lemma Phi_minus: "Phi (- x) = 1 - Phi x"
proof -
  have "Phi (- x) = measure (distr std_normal_distribution borel uminus) {..- x}"
    by (simp add: distr_std_normal_uminus Phi_eq_measure)
  also have "\<dots> = measure std_normal_distribution {x..}"
    by (subst measure_distr) (auto intro!: arg_cong[where f = "measure _"])
  also have "\<dots> = 1 - measure std_normal_distribution {..<x}"
    using std_normal.prob_compl[of "{..<x}"] by (simp add: Compl_eq_Diff_UNIV[symmetric])
  finally show ?thesis by (simp add: Phi_eq_measure_lessThan)
qed

lemma integral_Phi_affine:
  assumes "b > 0"
  shows "(\<integral>x. Phi ((t - c * x) / b) \<partial>std_normal_distribution) = Phi (t / sqrt (b\<^sup>2 + c\<^sup>2))"
proof -
  let ?N = std_normal_distribution
  interpret P: pair_prob_space ?N ?N ..
  let ?A = "{z \<in> space (?N \<Otimes>\<^sub>M ?N). c * fst z + b * snd z \<le> t}"
  have A[measurable]: "?A \<in> sets (?N \<Otimes>\<^sub>M ?N)" by measurable
  have sqrt_pos: "sqrt (b\<^sup>2 + c\<^sup>2) > 0" using assms by (simp add: add_pos_nonneg)
  have "Phi (t / sqrt (b\<^sup>2 + c\<^sup>2))
      = measure (distr (?N \<Otimes>\<^sub>M ?N) borel (\<lambda>z. c * fst z + b * snd z)) {..t}"
    unfolding distr_std_normal_pair_lincomb using sqrt_pos
    by (subst measure_distr)
       (auto simp: Phi_eq_measure field_simps intro!: arg_cong[where f = "measure _"])
  also have "\<dots> = measure (?N \<Otimes>\<^sub>M ?N) ?A"
    by (subst measure_distr) (auto intro!: arg_cong[where f = "measure _"])
  also have "\<dots> = (\<integral>z. indicator ?A z \<partial>(?N \<Otimes>\<^sub>M ?N))"
    using A by simp
  also have "\<dots> = (\<integral>x. (\<integral>y. indicator ?A (x, y) \<partial>?N) \<partial>?N)"
    by (rule P.integral_fst'[symmetric]) (auto intro!: P.integrable_const_bound[where B=1])
  also have "\<dots> = (\<integral>x. Phi ((t - c * x) / b) \<partial>?N)"
  proof (intro Bochner_Integration.integral_cong refl)
    fix x
    have "(\<lambda>y. indicator ?A (x, y) :: real) = indicator {..(t - c * x) / b}"
      using assms by (auto simp: indicator_def space_pair_measure field_simps)
    then show "(\<integral>y. indicator ?A (x, y) \<partial>?N) = Phi ((t - c * x) / b)"
      by (simp add: Phi_eq_measure)
  qed
  finally show ?thesis ..
qed

lemma space_unif01[simp]: "space unif01 = UNIV"
  by (simp add: unif01_def)

lemma sets_unif01[measurable_cong]: "sets unif01 = sets borel"
  by (simp add: unif01_def)

lemma measure_unif01_greaterThan:
  assumes "p \<ge> 0"
  shows "measure unif01 {p<..} = 1 - min 1 p"
proof -
  have "measure unif01 {p<..} = measure lborel ({0<..<1} \<inter> {p<..})"
    unfolding unif01_def by (subst measure_uniform_measure) auto
  also have "{0<..<1} \<inter> {p<..} = (if p < 1 then {p<..<1} else {})"
    using assms by auto
  finally show ?thesis by simp
qed

lemma sets_std_normal_unif01[measurable_cong]:
  "sets (std_normal_distribution \<Otimes>\<^sub>M unif01) = sets (borel \<Otimes>\<^sub>M borel)"
  by (intro sets_pair_measure_cong) (simp_all add: unif01_def)

lemma AE_std_normal_unif01_lt_1: "AE y in std_normal_distribution \<Otimes>\<^sub>M unif01. snd y < 1"
proof -
  interpret NU: pair_prob_space std_normal_distribution unif01 ..
  have "AE u in unif01. u < 1"
    unfolding unif01_def by (subst AE_uniform_measure) auto
  then have "AE x in std_normal_distribution. AE u in unif01. snd (x, u) < 1"
    by simp
  then show ?thesis
    by (rule NU.AE_pair_measure[rotated]) measurable
qed

section \<open>Standard Gaussian vectors\<close>

definition std_normal_density_euclidean :: "'a::euclidean_space \<Rightarrow> real" where
  "std_normal_density_euclidean x = (2 * pi) powr (- real DIM('a) / 2) * exp (- (norm x)\<^sup>2 / 2)"

lemma borel_measurable_std_normal_density_euclidean[measurable]:
  "std_normal_density_euclidean \<in> borel_measurable borel"
  unfolding std_normal_density_euclidean_def by measurable

definition std_normal_euclidean :: "'a::euclidean_space measure" where
  "std_normal_euclidean = density lborel (\<lambda>x. ennreal (std_normal_density_euclidean x))"

lemma std_normal_vec_eq_std_normal_euclidean: "std_normal_vec = std_normal_euclidean"
  by (simp add: std_normal_vec_def std_normal_euclidean_def std_normal_density_euclidean_def)

lemma sets_std_normal_euclidean[measurable_cong]: "sets std_normal_euclidean = sets borel"
  by (simp add: std_normal_euclidean_def)

lemma sets_std_normal_vec[measurable_cong]: "sets std_normal_vec = sets borel"
  by (simp add: std_normal_vec_eq_std_normal_euclidean sets_std_normal_euclidean)

lemma power2_norm_eq_sum_Basis: "(norm x)\<^sup>2 = (\<Sum>b\<in>Basis. (x \<bullet> b)\<^sup>2)"
  unfolding power2_norm_eq_inner euclidean_inner[of x x] by (simp add: power2_eq_square)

-=-=-

# [Goal of the exercise]
Output the material in full, exactly as it appears.

# [Problem solution]
lemma Phi_minus: "Phi (- x) = 1 - Phi x"
proof -
  have "Phi (- x) = measure (distr std_normal_distribution borel uminus) {..- x}"
    by (simp add: distr_std_normal_uminus Phi_eq_measure)
  also have "\<dots> = measure std_normal_distribution {x..}"
    by (subst measure_distr) (auto intro!: arg_cong[where f = "measure _"])
  also have "\<dots> = 1 - measure std_normal_distribution {..<x}"
    using std_normal.prob_compl[of "{..<x}"] by (simp add: Compl_eq_Diff_UNIV[symmetric])
  finally show ?thesis by (simp add: Phi_eq_measure_lessThan)
qed

lemma integral_Phi_affine:
  assumes "b > 0"
  shows "(\<integral>x. Phi ((t - c * x) / b) \<partial>std_normal_distribution) = Phi (t / sqrt (b\<^sup>2 + c\<^sup>2))"
proof -
  let ?N = std_normal_distribution
  interpret P: pair_prob_space ?N ?N ..
  let ?A = "{z \<in> space (?N \<Otimes>\<^sub>M ?N). c * fst z + b * snd z \<le> t}"
  have A[measurable]: "?A \<in> sets (?N \<Otimes>\<^sub>M ?N)" by measurable
  have sqrt_pos: "sqrt (b\<^sup>2 + c\<^sup>2) > 0" using assms by (simp add: add_pos_nonneg)
  have "Phi (t / sqrt (b\<^sup>2 + c\<^sup>2))
      = measure (distr (?N \<Otimes>\<^sub>M ?N) borel (\<lambda>z. c * fst z + b * snd z)) {..t}"
    unfolding distr_std_normal_pair_lincomb using sqrt_pos
    by (subst measure_distr)
       (auto simp: Phi_eq_measure field_simps intro!: arg_cong[where f = "measure _"])
  also have "\<dots> = measure (?N \<Otimes>\<^sub>M ?N) ?A"
    by (subst measure_distr) (auto intro!: arg_cong[where f = "measure _"])
  also have "\<dots> = (\<integral>z. indicator ?A z \<partial>(?N \<Otimes>\<^sub>M ?N))"
    using A by simp
  also have "\<dots> = (\<integral>x. (\<integral>y. indicator ?A (x, y) \<partial>?N) \<partial>?N)"
    by (rule P.integral_fst'[symmetric]) (auto intro!: P.integrable_const_bound[where B=1])
  also have "\<dots> = (\<integral>x. Phi ((t - c * x) / b) \<partial>?N)"
  proof (intro Bochner_Integration.integral_cong refl)
    fix x
    have "(\<lambda>y. indicator ?A (x, y) :: real) = indicator {..(t - c * x) / b}"
      using assms by (auto simp: indicator_def space_pair_measure field_simps)
    then show "(\<integral>y. indicator ?A (x, y) \<partial>?N) = Phi ((t - c * x) / b)"
      by (simp add: Phi_eq_measure)
  qed
  finally show ?thesis ..
qed

lemma space_unif01[simp]: "space unif01 = UNIV"
  by (simp add: unif01_def)

lemma sets_unif01[measurable_cong]: "sets unif01 = sets borel"
  by (simp add: unif01_def)

lemma measure_unif01_greaterThan:
  assumes "p \<ge> 0"
  shows "measure unif01 {p<..} = 1 - min 1 p"
proof -
  have "measure unif01 {p<..} = measure lborel ({0<..<1} \<inter> {p<..})"
    unfolding unif01_def by (subst measure_uniform_measure) auto
  also have "{0<..<1} \<inter> {p<..} = (if p < 1 then {p<..<1} else {})"
    using assms by auto
  finally show ?thesis by simp
qed

lemma sets_std_normal_unif01[measurable_cong]:
  "sets (std_normal_distribution \<Otimes>\<^sub>M unif01) = sets (borel \<Otimes>\<^sub>M borel)"
  by (intro sets_pair_measure_cong) (simp_all add: unif01_def)

lemma AE_std_normal_unif01_lt_1: "AE y in std_normal_distribution \<Otimes>\<^sub>M unif01. snd y < 1"
proof -
  interpret NU: pair_prob_space std_normal_distribution unif01 ..
  have "AE u in unif01. u < 1"
    unfolding unif01_def by (subst AE_uniform_measure) auto
  then have "AE x in std_normal_distribution. AE u in unif01. snd (x, u) < 1"
    by simp
  then show ?thesis
    by (rule NU.AE_pair_measure[rotated]) measurable
qed

section \<open>Standard Gaussian vectors\<close>

definition std_normal_density_euclidean :: "'a::euclidean_space \<Rightarrow> real" where
  "std_normal_density_euclidean x = (2 * pi) powr (- real DIM('a) / 2) * exp (- (norm x)\<^sup>2 / 2)"

lemma borel_measurable_std_normal_density_euclidean[measurable]:
  "std_normal_density_euclidean \<in> borel_measurable borel"
  unfolding std_normal_density_euclidean_def by measurable

definition std_normal_euclidean :: "'a::euclidean_space measure" where
  "std_normal_euclidean = density lborel (\<lambda>x. ennreal (std_normal_density_euclidean x))"

lemma std_normal_vec_eq_std_normal_euclidean: "std_normal_vec = std_normal_euclidean"
  by (simp add: std_normal_vec_def std_normal_euclidean_def std_normal_density_euclidean_def)

lemma sets_std_normal_euclidean[measurable_cong]: "sets std_normal_euclidean = sets borel"
  by (simp add: std_normal_euclidean_def)

lemma sets_std_normal_vec[measurable_cong]: "sets std_normal_vec = sets borel"
  by (simp add: std_normal_vec_eq_std_normal_euclidean sets_std_normal_euclidean)

lemma power2_norm_eq_sum_Basis: "(norm x)\<^sup>2 = (\<Sum>b\<in>Basis. (x \<bullet> b)\<^sup>2)"
  unfolding power2_norm_eq_inner euclidean_inner[of x x] by (simp add: power2_eq_square)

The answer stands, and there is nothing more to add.